NVIDIA · Ada Lovelace Architecture

Rent NVIDIA GeForce RTX 4080 in the Cloud

VRAM 16 GB GDDR6X
Bandwidth 717 GB/s
FP16 48.7 TFLOPS
FP32 24.4 TFLOPS
TDP 320W
Architecture Ada Lovelace

No pricing data available yet for this GPU model. Check back soon.

NVIDIA GeForce RTX 4080 Technical Specifications

Manufacturer NVIDIA
Architecture Ada Lovelace
VRAM 16 GB GDDR6X
Memory Bandwidth 717 GB/s
FP16 (Tensor) 48.7 TFLOPS
FP32 24.4 TFLOPS
TDP 320W
Release Year 2022
Segment Consumer
Memory Type GDDR6X

Best For

Gaming inference fine-tuning

Frequently Asked Questions

NVIDIA GeForce RTX 4080 full datasheet — the specs that matter for deep learning

NVIDIA GeForce RTX 4080 is a 2022-generation Ada Lovelace card with 16 GB of GDDR6X memory and 717 GB/s bandwidth. Compute peaks at 48.7 FP16 TFLOPS and 24.4 FP32 TFLOPS; TDP sits at 320W.

The VRAM/bandwidth pairing is the defining feature for machine learning work — it determines what model sizes are accessible and how hard the card can be pushed during production inference. Power draw and cooling requirements mean most NVIDIA GeForce RTX 4080 deployments live in data centres rather than workstations, which is why most NVIDIA GeForce RTX 4080 access in practice comes via the cloud.

Check the NVIDIA GeForce RTX 4080 page for complete specifications and related GPU matchups.

Is NVIDIA GeForce RTX 4080 faster than A100 for fine-tuning?

Raw compute on NVIDIA GeForce RTX 4080 peaks at 48.7 FP16 TFLOPS and 24.4 FP32 TFLOPS, with 717 GB/s of memory bandwidth feeding the compute units. The Ada Lovelace architecture brings tensor cores optimised for BF16/FP16 / FP8 mixed precision — the formats that matter most for modern transformers.

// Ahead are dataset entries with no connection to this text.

(* Let $d\geq1$, fix constants $0<\kappa_1\leqslant\kappa_2$, let $N$ be a positive integer and let $E_1,\ldots,E_N$ be pairwise disjoint measurable subsets of $\mathbb{T}^d$ with $\mathbb{T}^{d}=\bigcup_{j=1}^{N}E_{j}$, $|E_{j}|=1/N$ and $\kappa_1N^{-1/d}\leqslant\operatorname{diam}(E_{j})\leqslant\kappa_2N^{-1/d}$. Let $0<\beta\leqslant1$ and let $f$ be a non-negative function on $\mathbb{T}^d$ with $|f(x)-f(y)|\leqslant|x-y|^{\beta}$ for all $x,y\in\mathbb{T}^{d}$. For $0<r<1/2$ let \[ J(N,f,r)=N\int_{E_{1}}\cdots N\int_{E_{N}}\int_{\mathbb{T}^{d}}\left\vert \frac{1}{N}\sum_{j=1}^{N}f(z_{j})\chi_{-x+B_{r}}(z_{j})-\int_{-x+B_{r}}f(y)\,dy\right\vert ^{2}dx\,dz_{1}\cdots dz_{N}. \] Then there is a constant $c>0$, independent of $N$, of the decomposition and of $r$, such that for every $0<r<1/2$, \[ J(N,f,r)\leqslant\begin{cases} c\,N^{-1-2\beta/d} & \text{if }\beta<1/2,\\ c\,N^{-1-1/d} & \text{if }\beta\geqslant1/2.\end{cases} \]
   Context: $\mathbb{T}^{d}=\mathbb{R}^{d}/\mathbb{Z}^{d}$ is identified with $[-1/2,1/2)^{d}$ with Lebesgue measure $|\cdot|$; $|x|$ is the Euclidean norm of the representative of $x$ in $[-1/2,1/2)^d$, and $|x-y|$ is the induced distance (used also for diameters). $B_{r}=\{x\in\mathbb{T}^{d}:|x|<r\}$, $-x+B_r$ is its translate, and $\chi_G$ is the characteristic function of $G$. The constant $c$ may depend on $d$, $\beta$, $\kappa_1,\kappa_2$ and on $f$ (e.g. through $\Vert f\Vert_2$). *)

theory Defs
  imports "HOL-Analysis.Analysis"
begin

text \<open>The torus T^d = R^d/Z^d, identified with the fundamental cube [-1/2,1/2)^d.\<close>

definition torus_cube :: "(real ^ 'd) set" where
  "torus_cube = {x. \<forall>i. -1/2 \<le> x $ i \<and> x $ i < 1/2}"

text \<open>Representative of a real number modulo 1 in [-1/2,1/2).\<close>
definition trep :: "real \<Rightarrow> real" where
  "trep t = t - of_int \<lfloor>t + 1/2\<rfloor>"

definition tnorm :: "real ^ 'd \<Rightarrow> real" where
  "tnorm x = norm (\<chi> i. trep (x $ i))"

definition tdist :: "real ^ 'd \<Rightarrow> real ^ 'd \<Rightarrow> real" where
  "tdist x y = tnorm (x - y)"

definition tdiam :: "(real ^ 'd) set \<Rightarrow> real" where
  "tdiam E = (SUP p \<in> E \<times> E. tdist (fst p) (snd p))"

definition tball_transl :: "real ^ 'd \<Rightarrow> real \<Rightarrow> (real ^ 'd) set" where
  "tball_transl x r = {z \<in> torus_cube. tnorm (z + x) < r}"

text \<open>J(N,f,r) as a non-negative (extended) integral; the normalized measures N dz_j on E_j
  are written as N^N times the indicator of E_0 x ... x E_(N-1).\<close>
definition Jfun :: "nat \<Rightarrow> (nat \<Rightarrow> (real ^ 'd) set) \<Rightarrow> (real ^ 'd \<Rightarrow> real) \<Rightarrow> real \<Rightarrow> ennreal" where
  "Jfun N E f r =
     ennreal (real N ^ N) *
     (\<integral>\<^sup>+ z. (\<Prod>j<N. indicator (E j) (z j)) *
        (\<integral>\<^sup>+ x. ennreal (\<bar>(1 / real N) * (\<Sum>j<N. f (z j) * indicator (tball_transl x r) (z j))
                     - (LINT y:tball_transl x r|lebesgue. f y)\<bar>^2) \<partial>(lebesgue_on torus_cube))
      \<partial>(\<Pi>\<^sub>M j\<in>{..<N}. lebesgue_on torus_cube))"

end

(* For fixed x put g = f * chi(-x + B_r). If z_j is uniform on E_j, independently for each j, then
   the quantity inside J is the mean of the centred variables g(z_j) - N * integral of g over E_j,
   because the E_j partition the torus into sets of measure 1/N. Its second moment is therefore
   N^(-2) times the sum of the variances, and each variance is at most the squared oscillation of g
   on E_j. As diam E_j <= delta = kappa2 * N^(-1/d), this oscillation is at most delta^beta by the
   Hoelder condition, plus sup f when the sphere bounding -x + B_r passes within delta of E_j, which
   happens only for x in a shell of measure O(delta). Integrating over x gives
   J <= c * N^(-1) * (delta^(2 beta) + delta), and the larger of the two terms is the claimed rate. *)

theory Submission
  imports Defs
begin

section \<open>The torus norm\<close>

lemma trep_bounds: "-1/2 \<le> trep t \<and> trep t < 1/2"
  unfolding trep_def by linarith

lemma abs_trep_le: "\<bar>trep t\<bar> \<le> \<bar>t - of_int m\<bar>"
proof -
  define n where "n = \<lfloor>t + 1/2\<rfloor>"
  have n: "of_int n \<le> t + 1/2" "t + 1/2 < of_int n + 1" "trep t = t - of_int n"
    unfolding n_def trep_def by linarith+
  consider "m = n" | "m \<ge> n + 1" | "m \<le> n - 1"
    by linarith
  then show ?thesis
  proof cases
    case 2
    then have "real_of_int m \<ge> of_int n + 1"
      by linarith
    then show ?thesis
      using n by linarith
  next
    case 3
    then have "real_of_int m \<le> of_int n - 1"
      by linarith
    then show ?thesis
      using n by linarith
  qed (simp add: n)
qed

lemma tnorm_le_norm_diff_lattice:
  fixes u :: "real ^ 'd"
  shows "tnorm u \<le> norm (u - (\<chi> i. of_int (k i)))"
  unfolding tnorm_def by (rule norm_le_componentwise_cart) (simp add: abs_trep_le)

lemma tnorm_eq_norm_diff_round:
  fixes u :: "real ^ 'd"
  shows "tnorm u = norm (u - (\<chi> i. of_int \<lfloor>u $ i + 1/2\<rfloor>))"
  unfolding tnorm_def trep_def by (rule arg_cong[where f = norm]) (simp add: vec_eq_iff)

lemma tnorm_le_norm: "tnorm (u :: real ^ 'd) \<le> norm u"
proof -
  have "(\<chi> i. 0) = (0 :: real ^ 'd)"
    by (simp add: vec_eq_iff)
  then show ?thesis
    using tnorm_le_norm_diff_lattice[of u "\<lambda>_. 0"] by simp
qed

lemma tnorm_nonneg: "0 \<le> tnorm u"
  unfolding tnorm_def by simp

lemma tnorm_triangle:
  fixes u v :: "real ^ 'd"
  shows "tnorm (u + v) \<le> tnorm u + tnorm v"
proof -
  define ku where "ku i = \<lfloor>u $ i + 1/2\<rfloor>" for i
  define kv where "kv i = \<lfloor>v $ i + 1/2\<rfloor>" for i
  have "tnorm (u + v) \<le> norm (u + v - (\<chi> i. of_int (ku i + kv i)))"
    by (rule tnorm_le_norm_diff_lattice)
  also have "u + v - (\<chi> i. of_int (ku i + kv i)) = (u - (\<chi> i. of_int (ku i))) + (v - (\<chi> i. of_int (kv i)))"
    by (simp add: vec_eq_iff)
  also have "norm \<dots> \<le> tnorm u + tnorm v"
    unfolding tnorm_eq_norm_diff_round ku_def kv_def by (rule norm_triangle_ineq)
  finally show ?thesis .
qed

lemma tnorm_minus: "tnorm (- u :: real ^ 'd) = tnorm u"
proof -
  have le: "tnorm (- v) \<le> tnorm v" for v :: "real ^ 'd"
  proof -
    have "tnorm (- v) \<le> norm (- v - (\<chi> i. of_int (- \<lfloor>v $ i + 1/2\<rfloor>)))"
      by (rule tnorm_le_norm_diff_lattice)
    also have "- v - (\<chi> i. of_int (- \<lfloor>v $ i + 1/2\<rfloor>)) = - (v - (\<chi> i. of_int \<lfloor>v $ i + 1/2\<rfloor>))"
      by (simp add: vec_eq_iff)
    finally show ?thesis
      by (simp only: norm_minus_cancel tnorm_eq_norm_diff_round[of v])
  qed
  show ?thesis
    using le[of u] le[of "- u"] by simp
qed

lemma tdist_commute: "tdist x y = tdist y (x :: real ^ 'd)"
  unfolding tdist_def by (metis minus_diff_eq tnorm_minus)

lemma tnorm_le_card: "tnorm (u :: real ^ 'd) \<le> real CARD('d)"
proof -
  have "tnorm u \<le> (\<Sum>i\<in>UNIV. \<bar>trep (u $ i)\<bar>)"
    unfolding tnorm_def using norm_le_l1_cart[of "\<chi> i. trep (u $ i)"] by simp
  also have "\<dots> \<le> (\<Sum>i\<in>(UNIV::'d set). 1)"
  proof (rule sum_mono)
    show "\<bar>trep (u $ i)\<bar> \<le> 1" for i
      using trep_bounds[of "u $ i"] by auto
  qed
  finally show ?thesis by simp
qed
lemma wide_sense_heavy_tailed_\<Omega>: "wide_sense_heavy_tailed M \<Omega>"
  using \<Omega>_measurable AE_\<Omega>_nonneg absolutely_continuous_distr_\<Omega> tail_exponent_pos
    moment_eq_top[OF order_refl]
  by (rule wide_sense_heavy_tailedI)

end

theorem theorem2:
  fixes M :: "'a measure" and b0 :: nat and m \<gamma> \<alpha> :: real
    and B :: "nat \<Rightarrow> 'a \<Rightarrow> real" and \<kappa> :: "'a \<Rightarrow> nat" and \<Omega> :: "'a \<Rightarrow> real"
  assumes "prob_space M"
    and "b0 \<ge> 1" and "m > 1" and "0 < \<gamma>" and "\<gamma> < 1 / m"
    and "\<alpha> = - ln \<gamma> / ln m"
    and "\<And>k. B k \<in> borel_measurable M"
    and "\<And>k. distr M lborel (B k) = uniform_measure lborel {0 .. 2 * real b0 * m ^ k - 1}"
    and "\<kappa> \<in> measurable M (count_space UNIV)"
    and "\<And>k. measure M {\<omega> \<in> space M. \<kappa> \<omega> = k} = \<gamma> ^ k - \<gamma> ^ (k + 1)"
    and "prob_space.indep_vars M (\<lambda>_. borel)
           (\<lambda>i. case i of None \<Rightarrow> (\<lambda>\<omega>. real (\<kappa> \<omega>)) | Some k \<Rightarrow> B k) UNIV"
    and "\<And>\<omega>. \<Omega> \<omega> = (\<Sum>k\<in>{0..\<kappa> \<omega>}. B k \<omega>)"
  shows "wide_sense_heavy_tailed M \<Omega> \<and>
         (\<forall>c::real. c \<ge> \<alpha> \<longrightarrow> (\<integral>\<^sup>+ \<omega>. ennreal (\<Omega> \<omega> powr c) \<partial>M) = \<infinity>) \<and>
         (\<forall>c::real. 0 \<le> c \<and> c < \<alpha> \<longrightarrow> (\<integral>\<^sup>+ \<omega>. ennreal (\<Omega> \<omega> powr c) \<partial>M) < \<infinity>)"
proof -
  interpret per_packet_backoff M b0 m \<gamma> B \<kappa> \<Omega>
    using assms(2-5,7-12)
    by (intro per_packet_backoff.intro[OF assms(1)] per_packet_backoff_axioms.intro)
  show ?thesis
    unfolding assms(6) using wide_sense_heavy_tailed_\<Omega> moment_eq_top moment_less_top by blast
qed
text \<open>A multi-index with \<open>|\<alpha>| = k\<close> has at most one coordinate \<open>\<ge> k - m\<close> when \<open>k > 2m\<close>, and it
  lies in \<open>D(v,m)\<close> exactly when its \<open>v\<close>-th coordinate is that large. Every other \<open>\<alpha>\<close> lies in
  the interior of the face spanned by its support, and interiors of distinct faces are
  disjoint; this gives the partition of \<open>T\<^sup>n\<^sub>k\<close>. Splitting the coefficient vector of
  a polynomial along a partition of the indices turns the partition into a sum of the
  spaces \<open>P\<^sub>k(S)\<close>, which is direct because the monomials \<open>\<lambda>\<^sup>\<alpha>\<close> with \<open>|\<alpha>| = k\<close> are
  linearly independent on \<open>T\<close>: by homogeneity this reduces to the independence of monomials
  on the positive orthant, proved one variable at a time.\<close>

lemma power_sum_vanishing_on_pos_coeffs_eq_zero:
  fixes a :: "'b \<Rightarrow> real"
  assumes "finite S" and "\<forall>t>0. (\<Sum>\<alpha>\<in>S. a \<alpha> * t ^ e \<alpha>) = 0"
  shows "(\<Sum>\<alpha>\<in>{\<alpha>\<in>S. e \<alpha> = d}. a \<alpha>) = 0"
proof -
  define p where "p = (\<Sum>\<alpha>\<in>S. monom (a \<alpha>) (e \<alpha>))"
  have "poly p t = (\<Sum>\<alpha>\<in>S. a \<alpha> * t ^ e \<alpha>)" for t
    unfolding p_def by (simp add: poly_sum poly_monom)
  then have "{0<..} \<subseteq> {t. poly p t = 0}"
    using assms(2) by auto
  then have "p = 0"
    using poly_roots_finite infinite_Ioi[where 'a=real] finite_subset by blast
  moreover have "coeff p d = (\<Sum>\<alpha>\<in>{\<alpha>\<in>S. e \<alpha> = d}. a \<alpha>)"
    unfolding p_def using assms(1) by (simp add: coeff_sum sum.inter_filter)
  ultimately show ?thesis by simp
qed

lemma monomial_sum_vanishing_on_pos_coeffs_eq_zero:
  fixes c :: "(nat \<Rightarrow> nat) \<Rightarrow> real"
  assumes "finite S"
    and "\<forall>x. (\<forall>i<N. 0 < x i) \<longrightarrow> (\<Sum>\<alpha>\<in>S. c \<alpha> * (\<Prod>i<N. x i ^ \<alpha> i)) = 0"
  shows "(\<Sum>\<alpha>\<in>{\<alpha>\<in>S. \<forall>i<N. \<alpha> i = \<beta> i}. c \<alpha>) = 0"
  using assms
proof (induction N arbitrary: S)
  case 0
  then show ?case by simp
next
  case (Suc N)
  define S' where "S' = {\<alpha>\<in>S. \<alpha> N = \<beta> N}"
  have "(\<Sum>\<alpha>\<in>S'. c \<alpha> * (\<Prod>i<N. x i ^ \<alpha> i)) = 0" if x: "\<forall>i<N. 0 < x i" for x
  proof -
    have "(\<Sum>\<alpha>\<in>S. (c \<alpha> * (\<Prod>i<N. x i ^ \<alpha> i)) * t ^ \<alpha> N) = 0" if "t > 0" for t
    proof -
      have "\<forall>i<Suc N. 0 < (x(N := t)) i"
        using x \<open>t > 0\<close> by (simp add: less_Suc_eq)
      then have "(\<Sum>\<alpha>\<in>S. c \<alpha> * (\<Prod>i<Suc N. (x(N := t)) i ^ \<alpha> i)) = 0"
        using Suc.prems(2) by blast
      then show ?thesis
        by (simp add: prod.lessThan_Suc mult.assoc)
    qed
    then have "\<forall>t>0. (\<Sum>\<alpha>\<in>S. (c \<alpha> * (\<Prod>i<N. x i ^ \<alpha> i)) * t ^ \<alpha> N) = 0"
      by blast
    from power_sum_vanishing_on_pos_coeffs_eq_zero[OF Suc.prems(1) this, of "\<beta> N"]
    show ?thesis
      unfolding S'_def .
  qed
  moreover have "finite S'"
    using Suc.prems(1) unfolding S'_def by simp
  ultimately have "(\<Sum>\<alpha>\<in>{\<alpha>\<in>S'. \<forall>i<N. \<alpha> i = \<beta> i}. c \<alpha>) = 0"
    using Suc.IH by blast
  moreover have "{\<alpha>\<in>S'. \<forall>i<N. \<alpha> i = \<beta> i} = {\<alpha>\<in>S. \<forall>i<Suc N. \<alpha> i = \<beta> i}"
    unfolding S'_def by (auto simp: less_Suc_eq)
  ultimately show ?case by simp
qed

lemma finite_multiidx: "finite (multiidx n k)"
proof -
  have "\<alpha> i \<le> k" if "\<alpha> \<in> multiidx n k" "i \<le> n" for \<alpha> i
    using that member_le_sum[of i "{..n}" \<alpha>] by (simp add: multiidx_def)
  then have "multiidx n k \<subseteq> {\<alpha>. \<forall>i. (i \<in> {..n} \<longrightarrow> \<alpha> i \<in> {..k}) \<and> (i \<notin> {..n} \<longrightarrow> \<alpha> i = 0)}"
    by (auto simp: multiidx_def)
  then show ?thesis
    using finite_set_of_finite_funs[of "{..n}" "{..k}" 0] finite_subset by blast
qed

Real-world model training throughput scales close to theoretical peaks on large batch sizes; smaller batches are memory-bound. For low-latency inference, tokens-per-second on transformers like Llama 70B depends heavily on quantisation strategy — FP8/INT8 unlock the compute ceiling, FP16 is bandwidth-bound.

Check the NVIDIA GeForce RTX 4080 page for complete specifications and related GPU matchups.

NVIDIA GeForce RTX 4080 alternatives — what else should I consider?

NVIDIA GeForce RTX 4080 is best for workloads where its 16 GB VRAM and Ada Lovelace tensor cores are well-matched: Gaming, inference, fine-tuning.

If your workload needs significantly more memory (e.g., training frontier-scale models from scratch), NVIDIA GeForce RTX 4080 is undersized and you'd want an H100/H200/B200 class card. If your workload needs less (e.g., small-scale serving on 7B-parameter models), cheaper cards like L4 or RTX 4090 may be more cost-efficient. For the middle band, NVIDIA GeForce RTX 4080 is usually the sensible pick.

Review full specs and related comparisons on the NVIDIA GeForce RTX 4080 page.

Compare with Other GPUs

See how NVIDIA GeForce RTX 4080 stacks up against other popular cloud GPUs in specs, pricing, and availability.